Multilevel modelling analyses, presented in Table 2 (bottom), estimated the effect of intervention group on patient-reported therapeutic alliance scores across 16 sessions. The Level 1 model for therapeutic alliance scores at baseline (intercept) and change over time (slope) found significant effects for the intercept and slope, indicating that participants' ratings of therapeutic alliance at baseline (p < 0.001) and across time (p < 0.001) were significantly different from zero. Next, the effect of intervention group was added to the level 2 model, along with sex and education as covariates. Intervention group was a significant predictor of the intercept (p < 0.05), such that patients receiving OT, relative to placebo, reported higher therapeutic alliance scores at the beginning of therapy, after session 1 (Fig. 2, panel B). Relative to the level 1 model with only time entered, the addition of the intervention group led to an 11.6% decrease in between-subject variability in intercept. Intervention group was also a significant predictor of slope (p < 0.01). However, for this effect, participants receiving placebo showed a steeper slope than patients receiving OT across the 16 sessions, indicating that patients in the placebo group improved their therapeutic alliance over time to catch up to the gains of the OT group early in therapy (Fig. 2, panel B). Relative to the level 1 model with only time entered, the addition of the intervention group led to a 30.2% decrease in between-subject variability in slope. A likelihood ratio test indicated that the level 2 random effects model with predictors provided a better fit of the data than the null or unconditional fixed effect model, χ2 (2) = 270.7, p < 0.001.

Effect sizes (Cohen's d) were computed by comparing therapeutic alliance scores at session one and across the first four sessions between groups. Effects sizes were 0.89, 95% CI (0.06–1.73), and 0.86, 95% CI (0.22–1.69) respectively, which are considered to be large effect sizes (Cohen, Reference Cohen1988). No effect of intervention group was found for the therapist-rated therapeutic alliance (see online Supplemental Tables S2 and S3).

Do changes in the therapist–patient relationship early in therapy mediate the relationship between the intervention and depression scores post-intervention?

Mediation analyses tested whether the drug intervention indirectly reduced Time 2 IDS-C depression (T2 minus T1) through therapeutic alliance scores at session 1, based on the robust intercept (session 1) finding from the previous section. The bias-corrected bootstrap 95% confidence interval for the indirect effect based on 10 000 bootstrap samples found no evidence of mediation (Confidence intervals [CI] were not entirely above or below zero, which is the measure of statistical significance in this analysis), ab (indirect effect) = −3.35, s.e. = 3.24; CI −11.9 to 0.53. The indirect effect, ab = −3.90, s.e. = 2.95, CI −11.2 to 0.07, for the mediation at time 3 (T3 minus T1) also failed to show evidence of significant mediation, although here it fell just short of statistical significance.

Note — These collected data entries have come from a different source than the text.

lemma card_abs_trace_eq_0_le:
  assumes "k \<ge> 1"
  shows "card {x::'a::field. abs_trace k x = 0} \<le> 2 ^ (k - 1)"
proof -
  define p where "p = (\<Sum>i<k. monom (1::'a) (2 ^ i))"
  have "coeff p (2 ^ (k - 1)) = (\<Sum>i<k. if i = k - 1 then 1 else 0)"
    unfolding p_def coeff_sum coeff_monom by (intro sum.cong) auto
  also have "\<dots> = 1"
    using assms by simp
  finally have "card {x. poly p x = 0} \<le> degree p"
    by (intro card_poly_roots_bound) auto
  moreover have "degree p \<le> 2 ^ (k - 1)"
    unfolding p_def
  proof (intro degree_sum_le)
    fix i assume "i \<in> {..<k}"
    then have "(2::nat) ^ i \<le> 2 ^ (k - 1)"
      by (intro power_increasing) auto
    then show "degree (monom (1::'a) (2 ^ i)) \<le> 2 ^ (k - 1)"
      using degree_monom_le order_trans by blast
  qed simp
  moreover have "poly p x = abs_trace k x" for x
    by (simp add: p_def poly_sum poly_monom abs_trace_def)
  ultimately show ?thesis
    by simp
qed

lemma artin_schreier_fibre_CHAR_2:
  fixes a b :: "'a::field"
  assumes "CHAR('a) = 2"
  shows "a ^ 2 + a = b ^ 2 + b \<longleftrightarrow> a = b \<or> a = b + 1"
proof -
  have "(a + b) * (a + (b + 1)) = (a ^ 2 + a) + (b ^ 2 + b) + (a * b + a * b)"
    by (simp add: algebra_simps power2_eq_square)
  also have "a * b + a * b = 0"
    using assms by (rule add_self_CHAR_2)
  finally have factor: "(a + b) * (a + (b + 1)) = (a ^ 2 + a) + (b ^ 2 + b)"
    by simp
  have "a ^ 2 + a = b ^ 2 + b \<longleftrightarrow> (a ^ 2 + a) + (b ^ 2 + b) = 0"
    using assms by (rule add_eq_0_iff_CHAR_2[symmetric])
  also have "\<dots> \<longleftrightarrow> a + b = 0 \<or> a + (b + 1) = 0"
    by (simp only: factor[symmetric] mult_eq_0_iff)
  also have "\<dots> \<longleftrightarrow> a = b \<or> a = b + 1"
    using assms by (simp only: add_eq_0_iff_CHAR_2)
  finally show ?thesis .
qed
lemma preimage_ends_at_iff:
  assumes "p \<in> basis X" "z \<in> X"
  shows "(\<exists>w\<in>X. w < z \<and> \<theta> (w, z) = p) \<longleftrightarrow> snd (inv_into (basis X) \<theta> p) = z"
proof -
  have "inv_into (basis X) \<theta> p \<in> basis X"
    using assms(1) theta_basis by (metis inv_into_into)
  then show ?thesis
    using assms theta_eq_iff_inv_into[OF assms(1)] by (auto simp: basis_def)
qed

lemma balanced_at_iff_edge_sum:
  assumes "semiwalk X L" "z \<in> X"
  shows "balanced_at X \<theta> L z \<longleftrightarrow> edge_sum (step_weight z) L = 0"
proof -
  let ?m = "length L - 1"
  have card_eq: "int (card {i. Suc i < length L \<and> P i}) = (\<Sum>i<?m. of_bool (P i))" for P
  proof -
    have "{i. Suc i < length L \<and> P i} = {i \<in> {..<?m}. P i}"
      by auto
    then show ?thesis
      by (simp add: sum.inter_filter[symmetric] of_bool_def)
  qed
  have step: "of_bool (L ! i < L ! Suc i \<and> (\<exists>w\<in>X. z < w \<and> \<theta> (z, w) = (L ! i, L ! Suc i)))
      - of_bool (L ! Suc i < L ! i \<and> (\<exists>w\<in>X. z < w \<and> \<theta> (z, w) = (L ! Suc i, L ! i)))
      - (of_bool (L ! i < L ! Suc i \<and> (\<exists>w\<in>X. w < z \<and> \<theta> (w, z) = (L ! i, L ! Suc i)))
      - of_bool (L ! Suc i < L ! i \<and> (\<exists>w\<in>X. w < z \<and> \<theta> (w, z) = (L ! Suc i, L ! i))))
      = step_weight z (L ! i) (L ! Suc i)" if "i < ?m" for i
  proof -
    have "L ! i \<in> X" "L ! Suc i \<in> X"
      using assms(1) that by (auto simp: semiwalk_def)
    moreover have "L ! i < L ! Suc i \<or> L ! Suc i < L ! i"
      using semiwalk_step[OF assms(1), of i] that by simp
    ultimately show ?thesis
      using preimage_starts_at_iff[OF _ assms(2)] preimage_ends_at_iff[OF _ assms(2)]
      by (auto simp: step_weight_def potential_def basis_def)
  qed
  have "int (s_plus X \<theta> L z) - int (s_minus X \<theta> L z) -
      (int (t_plus X \<theta> L z) - int (t_minus X \<theta> L z)) = edge_sum (step_weight z) L"
    unfolding s_plus_def s_minus_def t_plus_def t_minus_def card_eq edge_sum_conv_sum
      sum_subtractf[symmetric]
    by (intro sum.cong refl) (use step in auto)
  then show ?thesis
    unfolding balanced_at_def by linarith
qed
lemma field_hom_range_eq_power_fixed_points:
  fixes h :: "'a::{finite,field} \<Rightarrow> 'b::field"
  assumes "field_hom h" "card (UNIV :: 'a set) = q"
  shows "range h = {y. y ^ q = y}"
proof (rule card_subset_eq)
  interpret field_hom h by fact
  define P :: "'b poly" where "P = Polynomial.monom 1 q + [:0, -1:]"
  have "q \<ge> 2"
    using assms card_mono[of UNIV "{0::'a, 1}"] by simp
  then have "degree P = q"
    by (simp add: P_def degree_add_eq_left degree_monom_eq)
  with \<open>q \<ge> 2\<close> have "P \<noteq> 0"
    by auto
  have roots: "{y. poly P y = 0} = {y. y ^ q = y}"
    by (auto simp: P_def poly_monom)
  show fin: "finite {y::'b. y ^ q = y}"
    using poly_roots_finite[OF \<open>P \<noteq> 0\<close>] roots by simp
  show sub: "range h \<subseteq> {y. y ^ q = y}"
    using assms by (auto simp flip: hom_power simp: finite_field_power_card)
  have "card {y::'b. y ^ q = y} \<le> q"
    using card_poly_roots_bound[OF \<open>P \<noteq> 0\<close>] roots \<open>degree P = q\<close> by simp
  moreover have "card (range h) = q"
    by (simp add: card_image inj assms)
  ultimately show "card (range h) = card {y::'b. y ^ q = y}"
    using card_mono[OF fin sub] by simp
qed
(* Let $K$ be a field, $R$ an $\mathbb N$-graded $K$-algebra, and let $A=\sigma(R)\langle x_1,x_2\rangle$ be a connected graded quasi-commutative skew PBW extension of $R$. Then $A$ is a connected graded trimmed right double Ore extension of $R$.
   Context: All algebras are over a field $K$; a graded algebra $B$ is connected if $B_0=K$. A ring $A$ is a skew PBW extension of $R$ in $x_1,\dots,x_n$, written $\sigma(R)\langle x_1,\dots,x_n\rangle$, if $R\subseteq A$; $A$ is a free left $R$-module with basis the monomials $x_1^{\alpha_1}\cdots x_n^{\alpha_n}$; for each $i$ and $r\in R\setminus\{0\}$ there is $c_{i,r}\in R\setminus\{0\}$ with $x_ir-c_{i,r}x_i\in R$; and for all $i,j$ there is $c_{i,j}\in R\setminus\{0\}$ with $x_jx_i-c_{i,j}x_ix_j\in R+Rx_1+\cdots+Rx_n$. Then $x_ir=\sigma_i(r)x_i+\delta_i(r)$ with $\sigma_i$ an injective endomorphism and $\delta_i$ a $\sigma_i$-derivation. It is quasi-commutative if in fact $x_ir=c_{i,r}x_i$ and $x_jx_i=c_{i,j}x_ix_j$ (with $c_{i,r},c_{i,j}\in R\setminus\{0\}$). It is bijective if all $\sigma_i$ are bijective and all $c_{i,j}$ invertible. It is graded if it is bijective, $R$ is $\mathbb N$-graded, each $\sigma_i$ is graded, $\delta_i(R_m)\subseteq R_{m+1}$, and $x_jx_i-c_{i,j}x_ix_j\in R_2+R_1x_1+\cdots+R_1x_n$ with $c_{i,j}\in R_0$; the grading is $A_p=\mathrm{span}\{r_tx^\alpha: r_t\in R_t,\ t+|\alpha|=p\}$. A $K$-algebra $B\supseteq R$ is a right double Ore extension of $R$ if it is generated by $R$ and $x_1,x_2$; $x_2x_1=p_{12}x_1x_2+p_{11}x_1^2+\tau_1x_1+\tau_2x_2+\tau_0$ with $p_{12},p_{11}\in K$, $\tau_i\in R$; $B$ is a free left $R$-module with basis $\{x_1^ax_2^b\}$; and $x_1R+x_2R\subseteq Rx_1+Rx_2+R$. Writing $x_ir=\sigma_{i1}(r)x_1+\sigma_{i2}(r)x_2+\delta_i(r)$, it is trimmed if $\delta_1=\delta_2=0$ and $\tau_0=\tau_1=\tau_2=0$. It is graded if all relations are homogeneous with $\deg x_1=\deg x_2=1$. *)

theory Defs
  imports "HOL-Algebra.Algebra"
begin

We then conducted a parallel mediation assessing whether any of the three sub-scales of the WAI-S (bonding, agreement of tasks, and agreement of goals) mediated the relationship between drug intervention and time 3 IDS-C depression. For the agreement of goals sub-scale (see Fig. 3), the bias-corrected bootstrap 95% confidence interval for the indirect effect, ab = −5.75, s.e. = 4.05, based on 10 000 bootstrap samples was entirely below zero (−15.6 to −0.03), indicating significant mediation. Mediations with the bonding and tasks sub-scales were not statistically significant at time 3, and no mediations for the three scales were significant at time 2 (data not shown). In sum, improved therapeutic alliance goal agreement mediated the relationship between adjunct OT administration and improvements in IDS-C depression scores at time 3.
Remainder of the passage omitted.